* [Task to carry out]:
Your answer should be a single number: how many lines of the material below contain "uniform".

* [Data extract]:
lemma pent_eq_Some_iff:
  assumes "(a, e) \<in> rowsF q z m t" "(b, d) \<in> colsK q m t"
  shows "pent q z m t (a, e) (b, d) = Some s \<longleftrightarrow>
    (\<forall>i<t. a ! (d ! i) \<notin> Xset q z (b ! i)) \<and> length s = m + t \<and>
    (\<forall>i<t. s ! (d ! i) = modq q (int (b ! i) - int (e ! i) * int (q - z))) \<and>
    (\<forall>l<m. l \<notin> set d \<longrightarrow> s ! l = a ! l) \<and>
    (\<forall>i<t. s ! (m + i) = modq q (int (a ! (d ! i)) - int (b ! i) - 1))"
    (is "_ \<longleftrightarrow> ?nostar \<and> ?entries s")
proof -
  have shape: "length a = m" "length d = t" "distinct d" "set d \<subseteq> {..<m}"
    using rowsF_memD[OF assms(1)] colsK_memD[OF assms(2)] by auto
  define G where "G = fold (\<lambda>i c. c[d ! i := modq q (int (b ! i) - int (e ! i) * int (q - z))]) [0..<t] a"
  define U where "U = map (\<lambda>i. modq q (int (a ! (d ! i)) - int (b ! i) - 1)) [0..<t]"
  have pent: "pent q z m t (a, e) (b, d) = (if ?nostar then Some (G @ U) else None)"
    unfolding pent_def G_def U_def by auto
  have d: "i < t \<Longrightarrow> d ! i < m" for i
    using shape nth_mem[of i d] by (auto simp del: nth_mem)
  have "set [0..<t] = {..<t}" "inj_on ((!) d) {..<t}"
    using shape by (auto intro: inj_on_nth)
  then have G_in: "i < t \<Longrightarrow> G ! (d ! i) = modq q (int (b ! i) - int (e ! i) * int (q - z))" for i
    unfolding G_def using shape d by (intro nth_fold_list_update_in) auto
  have G_notin: "l \<notin> set d \<Longrightarrow> G ! l = a ! l" for l
    unfolding G_def using shape by (intro nth_fold_list_update_notin) (auto simp: in_set_conv_nth)
  have GU: "?entries (G @ U)"
    using shape d G_in G_notin by (auto simp: nth_append U_def G_def)
  have "?entries s \<longleftrightarrow> s = G @ U"
  proof
    assume s: "?entries s"
    show "s = G @ U"
    proof (rule nth_equalityI)
      show "length s = length (G @ U)"
        using s GU by simp
      fix l assume "l < length s"
      then consider "l < m" "l \<in> set d" | "l < m" "l \<notin> set d" | i where "i < t" "l = m + i"
        using s by (metis add_diff_inverse_nat nat_add_left_cancel_less not_less)
      then show "s ! l = (G @ U) ! l"
        by cases (use s GU shape in \<open>auto simp: in_set_conv_nth\<close>)
    qed
  qed (use GU in simp)
  then show ?thesis
    unfolding pent by auto
qed
(* Let $Y_1,\dots,Y_m$ be independent $\mathbb{Z}^d$-valued random vectors with finite third moments, $W:=\sum_iY_i$, $W^{(i)}:=W-Y_i$. Let $(Y_1',\dots,Y_m')$ be an independent copy of $(Y_1,\dots,Y_m)$ and $K$ uniform on $\{1,\dots,m\}$ independent of all these; set $W':=W-Y_K+Y_K'$, $\xi:=W'-W$, $\sigma^2:=\mathbb{E}\{\xi\xi^T\}$, $\chi:=\mathbb{E}|\xi|^3$, $R_2(W):=\mathbb{E}\{\xi\xi^T\mid W\}-\sigma^2$ and $\tilde\varepsilon_1:=\max_{1\le i\le m}\max_{1\le j\le d}d_{TV}(\mathcal{L}(W^{(i)}),\mathcal{L}(W^{(i)}+e^{(j)}))$. Then $\mathbb{E}\{\xi\mid W\}=-m^{-1}(W-\mathbb{E}W)$, and $\mathbb{E}\|R_2(W)\|_1\le4\tilde\varepsilon_1\,\mathbb{E}\|\xi\|_1^3\le 4\tilde\varepsilon_1d^{3/2}\chi$.
   Context: $\|M\|_1:=\sum_{i,j}|M_{ij}|$ for a matrix, $\|x\|_1:=\sum_i|x_i|$ for a vector, $|\cdot|$ the Euclidean norm, $e^{(j)}$ the $j$-th coordinate vector. *)

theory Defs
  imports "HOL-Probability.Probability"
begin

definition rvec :: "int ^ 'd \<Rightarrow> real ^ 'd" where
  "rvec z = (\<chi> j. real_of_int (z $ j))"

definition unitv :: "'d \<Rightarrow> int ^ 'd" where
  "unitv j = (\<chi> k. if k = j then 1 else 0)"

definition tv_dist :: "'b measure \<Rightarrow> 'b measure \<Rightarrow> real" where
  "tv_dist P Q = (SUP A \<in> sets P. \<bar>measure P A - measure Q A\<bar>)"

end

theory Submission
  imports Defs
begin

text \<open>
  Write \<open>\<xi> = Y'\<^sub>K - Y\<^sub>K\<close>. Averaging over the uniform index \<open>K\<close>, the regression identity
  reduces to \<open>E[1\<^sub>B(W) (Y'\<^sub>i - Y\<^sub>i)] = P(W \<in> B) E Y\<^sub>i - E[1\<^sub>B(W) Y\<^sub>i]\<close>, by independence of
  \<open>Y'\<^sub>i\<close> and \<open>W\<close>.

  For the remainder, \<open>R\<^sub>j\<^sub>k\<close> is a function of \<open>W\<close>, so \<open>|R\<^sub>j\<^sub>k| = \<phi>(W) R\<^sub>j\<^sub>k\<close> with
  \<open>\<phi> = sgn R\<^sub>j\<^sub>k\<close>, and \<open>E|R\<^sub>j\<^sub>k|\<close> is the average over \<open>i\<close> of the covariances of \<open>\<phi>(W)\<close> and
  \<open>g(Y'\<^sub>i - Y\<^sub>i)\<close>, \<open>g(u) = u\<^sub>j u\<^sub>k\<close>. Integrating out \<open>W - Y\<^sub>i\<close> and \<open>Y'\<^sub>i\<close> and using that
  \<open>(Y\<^sub>i, Y'\<^sub>i)\<close> is exchangeable, such a covariance equals
  \<open>E[(A(Y\<^sub>i) - A(Y'\<^sub>i)) (H(Y\<^sub>i) - H(Y'\<^sub>i))] / 2\<close> with \<open>A(y) = E \<phi>(W - Y\<^sub>i + y)\<close> and
  \<open>H(y) = E g(Y'\<^sub>i - y)\<close>. A unit lattice step moves the law of \<open>W - Y\<^sub>i\<close> by at most
  \<open>\<epsilon>\<close> in total variation, so \<open>A\<close> is \<open>2\<epsilon>\<close>-Lipschitz for the \<open>\<ell>\<^sub>1\<close> distance; \<open>H\<close> is
  Lipschitz with a constant given by first moments of \<open>Y'\<^sub>i - y\<close>, and the elementary
  bound \<open>c\<^sup>2 a \<le> c\<^sup>3 + a\<^sup>3\<close> turns the product into \<open>4 \<epsilon> E|\<xi>|\<^sub>1\<^sup>3\<close>.
\<close>

instance vec :: (countable, finite) countable
proof (rule countable_classI[of "\<lambda>x. to_nat (vec_nth x)"])
  fix x y :: "'a ^ 'b"
  assume "to_nat (vec_nth x) = to_nat (vec_nth y)"
  then have "vec_nth x = vec_nth y" by simp
  then show "x = y" by (simp add: vec_nth_inject)
qed

section \<open>Random variables with countable range\<close>

lemma measurable_count_space_binop:
  fixes f :: "'x \<Rightarrow> 'a::countable" and g :: "'x \<Rightarrow> 'b::countable"
  assumes f: "f \<in> measurable N (count_space UNIV)" and g: "g \<in> measurable N (count_space UNIV)"
  shows "(\<lambda>x. h (f x) (g x)) \<in> measurable N (count_space UNIV)"
proof -
  have "(\<lambda>x. (f x, g x)) \<in> measurable N (count_space UNIV \<Otimes>\<^sub>M count_space UNIV)"
    using f g by (rule measurable_Pair)
  then have "(\<lambda>x. (f x, g x)) \<in> measurable N (count_space UNIV)"
    by (simp add: pair_measure_countable)
  from measurable_comp[OF this, of "\<lambda>p. h (fst p) (snd p)" "count_space UNIV"]
  show ?thesis by (simp add: comp_def)
qed

lemma measurable_count_space_sum:
  fixes f :: "'i \<Rightarrow> 'x \<Rightarrow> 'a::{countable,comm_monoid_add}"
  assumes "finite S" "\<And>i. i \<in> S \<Longrightarrow> f i \<in> measurable N (count_space UNIV)"
  shows "(\<lambda>x. \<Sum>i\<in>S. f i x) \<in> measurable N (count_space UNIV)"
  using assms
proof (induction S rule: finite_induct)
  case (insert a S)
  have "(\<lambda>x. f a x + (\<Sum>i\<in>S. f i x)) \<in> measurable N (count_space UNIV)"
    by (rule measurable_count_space_binop[where h="(+)"]) (use insert in auto)
  then show ?case using insert by simp
qed simp

lemma measurable_count_space_compose:
  fixes f :: "'x \<Rightarrow> 'a::countable"
  assumes "f \<in> measurable N (count_space UNIV)" and "\<And>a. h a \<in> space N'"
  shows "(\<lambda>x. h (f x)) \<in> measurable N N'"
  using measurable_comp[OF assms(1), of h N'] assms(2) by (auto simp add: comp_def)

* [Response to the exercise]:
2